Девушка молча перевела взгляд с умирающей птицы на Вадима. Было видно, что её раздирают противоречия и сомнения.
- Я могу подумать? - обратилась она к колдуну.
- Да сколько угодно, если не жалко этого горе-учёного. Правда, по истечении трёх дней он обязательно помрёт... Думай... Нам даже лучше. «Серый» сектор насыщается страданиями - мы не в накладе.
Однако за этой бравадой Вика явно почувствовала лёгкое разочарование...
- Не волнуйся, мы не бросим Эдда, - пообещала она Сытину и, взяв Вадима за руку, направилась к туннелю, чтобы покинуть спокойный и безопасный «бежевый» сектор.
- И я отправлюсь домой, - устало сказал Аркадий Петрович. - У меня через час такая рыженькая гостья заявится... Закачаешься! - он пошло захихикал и хотел, было, уже подмигнуть чёрным глазом Ракулу, но, вспомнив обиды и грубое обращение, передумал.
Насупившись, он отряхнул пиджак и посмотрел на помятые брюки.

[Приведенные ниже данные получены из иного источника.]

text \<open>Levels of the uniqueness tree T(v), as multisets of labels.  A node is unique
  iff its label has multiplicity 1 on its level; unique nodes labelled u get one child
  per neighbour of u.\<close>
fun ut_level :: "'a set \<Rightarrow> ('a \<Rightarrow> 'a \<Rightarrow> bool) \<Rightarrow> 'a \<Rightarrow> nat \<Rightarrow> 'a multiset" where
  "ut_level V E v 0 = {#v#}"
| "ut_level V E v (Suc k) =
     (\<Sum>u \<in> {u. count (ut_level V E v k) u = 1}. mset_set {w \<in> V. E u w})"

definition has_unique :: "'a multiset \<Rightarrow> bool" where
  "has_unique M \<longleftrightarrow> (\<exists>u. count M u = 1)"

text \<open>Index of the last generated level: generation stops at level k when no node
  of level k is unique or k has reached n.\<close>
definition ut_stop :: "'a set \<Rightarrow> ('a \<Rightarrow> 'a \<Rightarrow> bool) \<Rightarrow> 'a \<Rightarrow> nat" where
  "ut_stop V E v = (LEAST k. card V \<le> k \<or> \<not> has_unique (ut_level V E v k))"

definition ut_height :: "'a set \<Rightarrow> ('a \<Rightarrow> 'a \<Rightarrow> bool) \<Rightarrow> 'a \<Rightarrow> nat" where
  "ut_height V E v = (if ut_level V E v (ut_stop V E v) = {#} then ut_stop V E v - 1
                      else ut_stop V E v)"

definition ut_size :: "'a set \<Rightarrow> ('a \<Rightarrow> 'a \<Rightarrow> bool) \<Rightarrow> 'a \<Rightarrow> nat \<Rightarrow> nat" where
  "ut_size V E v k = size (ut_level V E v k)"

text \<open>Number of nodes on level k having exactly i children (used for i \<ge> 1).
  Nodes on the last generated level, and non-unique nodes, are leaves.\<close>
definition ut_children :: "'a set \<Rightarrow> ('a \<Rightarrow> 'a \<Rightarrow> bool) \<Rightarrow> 'a \<Rightarrow> nat \<Rightarrow> nat \<Rightarrow> nat" where
  "ut_children V E v k i =
     (if k < ut_stop V E v
      then card {u. count (ut_level V E v k) u = 1 \<and> card {w \<in> V. E u w} = i}
      else 0)"

definition ut_equiv :: "nat \<Rightarrow> 'a set \<Rightarrow> ('a \<Rightarrow> 'a \<Rightarrow> bool) \<Rightarrow> 'b set \<Rightarrow> ('b \<Rightarrow> 'b \<Rightarrow> bool)
     \<Rightarrow> 'a \<Rightarrow> 'b \<Rightarrow> bool" where
  "ut_equiv n V E U F v u \<longleftrightarrow>
     ut_height V E v = ut_height U F u
     \<and> (\<forall>k \<le> ut_height V E v. ut_size V E v k = ut_size U F u k)
     \<and> (\<forall>k \<le> ut_height V E v. \<forall>i \<in> {1..n-1}. ut_children V E v k i = ut_children U F u k i)"

definition ut_compare :: "('a \<Rightarrow> 'b \<Rightarrow> bool) \<Rightarrow> 'a list \<Rightarrow> 'b list \<Rightarrow> 'a set \<times> 'b set" where
  "ut_compare eq vs us =
     foldl (\<lambda>(MV, MU) v. if v \<in> MV then (MV, MU) else
              (case find (\<lambda>u. u \<notin> MU \<and> eq v u) us of
                 None \<Rightarrow> (MV, MU)
               | Some u \<Rightarrow> (insert v MV, insert u MU))) ({}, {}) vs"

definition ut_outputs_iso :: "'a set \<Rightarrow> ('a \<Rightarrow> 'a \<Rightarrow> bool) \<Rightarrow> 'b set \<Rightarrow> ('b \<Rightarrow> 'b \<Rightarrow> bool)
     \<Rightarrow> 'a list \<Rightarrow> 'b list \<Rightarrow> bool" where
  "ut_outputs_iso V E U F vs us \<longleftrightarrow>
     ut_compare (ut_equiv (card V) V E U F) vs us = (V, U)"

end

theory Submission
  imports Defs
begin

text \<open>An isomorphism f carries every level of T(v) onto the corresponding level of T(f v),
  so corresponding vertices have trees with identical invariants.  The comparison stage only
  ever matches vertices with equal invariants; since f preserves them, each invariant class
  has the same size in G and in H, so the greedy matching always finds an unmapped partner.\<close>

lemma count_eq_oneD: "count M x = 1 \<Longrightarrow> x \<in># M"
  by (metis not_in_iff zero_neq_one)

- Сволочь ты, Вадик, такой костюм испортил!
* * *
Рыженькая оказалась ещё той штучкой!
Заявившись на Заводскую улицу к назначенному часу, она наотрез отказалась довольствоваться ужином при свечах, приготовленным для неё Аркадием Петровичем.
- Ни за что! - рассмеялась она, блеснув идеально белыми зубками. - Аркашенька, мы едем в ресторан! И не вздумай сопротивляться! Я уже столик зарезервировала... - она уставилась на Сытина ярко-зелёными глазами из-под откорректированных умелым татуажем бровей.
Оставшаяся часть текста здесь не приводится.